Ele diz que ainda ronca agora, mas já faz muito tempo que não me lembro de ter acordado. É mais como um assobio, e se eu acordo e ouço que ele está obstruído, digo: 'Ei, vire um pouco mais de lado. Ajuste sua camisa ou seu travesseiro. '
Jim: Nós nunca brigamos por causa da minha apnéia do sono. Sou um orador leigo certificado na igreja e, quando faço sermões, nunca deixo de dizer às pessoas que ela recebe meu voto pela santidade.
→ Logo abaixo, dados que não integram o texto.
(* For every integer $N\geq 0$ the following identities hold in $\mathcal{A}(S^5_q)$: $$\sum_{j+k+l=N}[j,k,l]!\,(z_1^jz_2^kz_3^l)(z_1^jz_2^kz_3^l)^*=1,\qquad \sum_{j+k+l=N}q^{2(j-l)}[j,k,l]!\,(z_1^jz_2^kz_3^l)^*(z_1^jz_2^kz_3^l)=q^{-2N},$$ where the sums run over all triples $(j,k,l)$ of non-negative integers with $j+k+l=N$.
   Context: Fix $0<q<1$. $\mathcal{A}(S^5_q)$ is the unital $*$-algebra generated by $z_1,z_2,z_3$ and their adjoints with relations: $z_iz_j=qz_jz_i$ for $i<j$; $z_i^*z_j=qz_jz_i^*$ for $i\neq j$; $[z_1^*,z_1]=0$; $[z_2^*,z_2]=(1-q^2)z_1z_1^*$; $[z_3^*,z_3]=(1-q^2)(z_1z_1^*+z_2z_2^* )$; $z_1z_1^*+z_2z_2^*+z_3z_3^*=1$. For $x\in\mathbb{C}$, $[x]:=\frac{q^x-q^{-x}}{q-q^{-1}}$; for $n\in\mathbb{N}$, $[n]!:=[n][n-1]\cdots[1]$, $[0]!:=1$. The $q$-trinomial coefficient is $[j,k,l]!:=q^{-(jk+kl+lj)}\frac{[j+k+l]!}{[j]![k]![l]!}$. *)

theory Defs
  imports Complex_Main
begin

text \<open>A unital complex *-algebra, presented as a ring 'a together with a
  unital ring homomorphism iota from the complex numbers into the centre of 'a
  (this is exactly a unital associative C-algebra structure) and an involution
  star which is additive, anti-multiplicative, involutive and conjugate-linear.\<close>

definition complex_star_algebra :: "(complex \<Rightarrow> 'a::ring_1) \<Rightarrow> ('a \<Rightarrow> 'a) \<Rightarrow> bool" where
  "complex_star_algebra \<iota> st \<longleftrightarrow>
     (\<forall>a b. \<iota> (a + b) = \<iota> a + \<iota> b) \<and>
     (\<forall>a b. \<iota> (a * b) = \<iota> a * \<iota> b) \<and>
     \<iota> 1 = 1 \<and>
     (\<forall>a x. \<iota> a * x = x * \<iota> a) \<and>
     (\<forall>x y. st (x + y) = st x + st y) \<and>
     (\<forall>x y. st (x * y) = st y * st x) \<and>
     (\<forall>x. st (st x) = x) \<and>
     (\<forall>a. st (\<iota> a) = \<iota> (cnj a))"

definition S5q_relations ::
  "real \<Rightarrow> (complex \<Rightarrow> 'a::ring_1) \<Rightarrow> ('a \<Rightarrow> 'a) \<Rightarrow> 'a \<Rightarrow> 'a \<Rightarrow> 'a \<Rightarrow> bool" where
  "S5q_relations q \<iota> st z1 z2 z3 \<longleftrightarrow>
     (let c = \<iota> (complex_of_real q); z = (\<lambda>i::nat. if i = 1 then z1 else if i = 2 then z2 else z3) in
       (\<forall>i\<in>{1,2,3}. \<forall>j\<in>{1,2,3}. i < j \<longrightarrow> z i * z j = c * (z j * z i)) \<and>
       (\<forall>i\<in>{1,2,3}. \<forall>j\<in>{1,2,3}. i \<noteq> j \<longrightarrow> st (z i) * z j = c * (z j * st (z i))) \<and>
       st z1 * z1 - z1 * st z1 = 0 \<and>
       st z2 * z2 - z2 * st z2 = \<iota> (complex_of_real (1 - q\<^sup>2)) * (z1 * st z1) \<and>
       st z3 * z3 - z3 * st z3 = \<iota> (complex_of_real (1 - q\<^sup>2)) * (z1 * st z1 + z2 * st z2) \<and>
       z1 * st z1 + z2 * st z2 + z3 * st z3 = 1)"

definition qnum :: "real \<Rightarrow> real \<Rightarrow> real" where
  "qnum q x = (q powr x - q powr (- x)) / (q - inverse q)"

definition qfact :: "real \<Rightarrow> nat \<Rightarrow> real" where
  "qfact q n = (\<Prod>i\<in>{1..n}. qnum q (real i))"

definition qtrinom :: "real \<Rightarrow> nat \<Rightarrow> nat \<Rightarrow> nat \<Rightarrow> real" where
  "qtrinom q j k l = q powr (- real (j*k + k*l + l*j)) *
      (qfact q (j+k+l) / (qfact q j * qfact q k * qfact q l))"

end

theory Submission
  imports Defs
begin

(* Let m = z1^j z2^k z3^l. Inserting the sphere relation z1z1^* + z2z2^* + z3z3^* = 1
   between m and m^*, and commuting each z_i into its place in the monomial, writes
   m m^* as a combination of the three products of degree N+1 with weights
   q^(-2(k+l)), q^(-2l) and 1. Reindexing the sum over j+k+l = N by the three shifts of
   an index, the identity of degree N turns into that of degree N+1 precisely because the
   q-trinomial coefficients obey the q-Pascal rule with these weights.
   The second identity is the same argument for m^* m: the relations give
   q^2 z1^*z1 + z2^*z2 + q^(-2) z3^*z3 = q^(-2), which plays the role of the sphere relation,
   and the coefficients q^(2(j-l)) [j,k,l]! satisfy the matching recursion, a mirrored
   form of the Pascal rule. *)

lemma qnum_nat:
  assumes "0 < q" shows "qnum q (real n) = (q^n - 1/q^n) / (q - 1/q)"
  using assms by (simp add: qnum_def powr_realpow powr_minus divide_inverse)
Ela teve de suportar muito mais problemas em ter um relacionamento comigo do que eu jamais tive com ela.
Ela sempre me apoiou 1.000%, e provavelmente eu não faria estar viva se não fosse pelo fato de ter alguns dos conhecimentos médicos que possui - ou pelo menos pelo fato de ter trabalhado em um dos melhores hospitais, quando muitos outros médicos e médicos nunca ouviram falar em sono apnéia antes. Nós simplesmente sabíamos que tínhamos que descobrir isso juntos, e ela me convenceu a procurar alguém que pudesse ajudar.
Nancy: Seu ronco e sua sonolência nunca mudaram meus sentimentos por ele. Eu só estava preocupado - não queria que seus filhos crescessem sem pai. Queria que ele ficasse por perto por tempo suficiente para que pudéssemos nos aposentar, viajar e aproveitar a vida.
O que posso fazer para ajudá-lo a torná-la melhor? É como eu me sinto. Eu apenas continuo dizendo a ele para continuar se exercitando para que ele não me deixe em paz. Quero tê-lo por perto por muito tempo.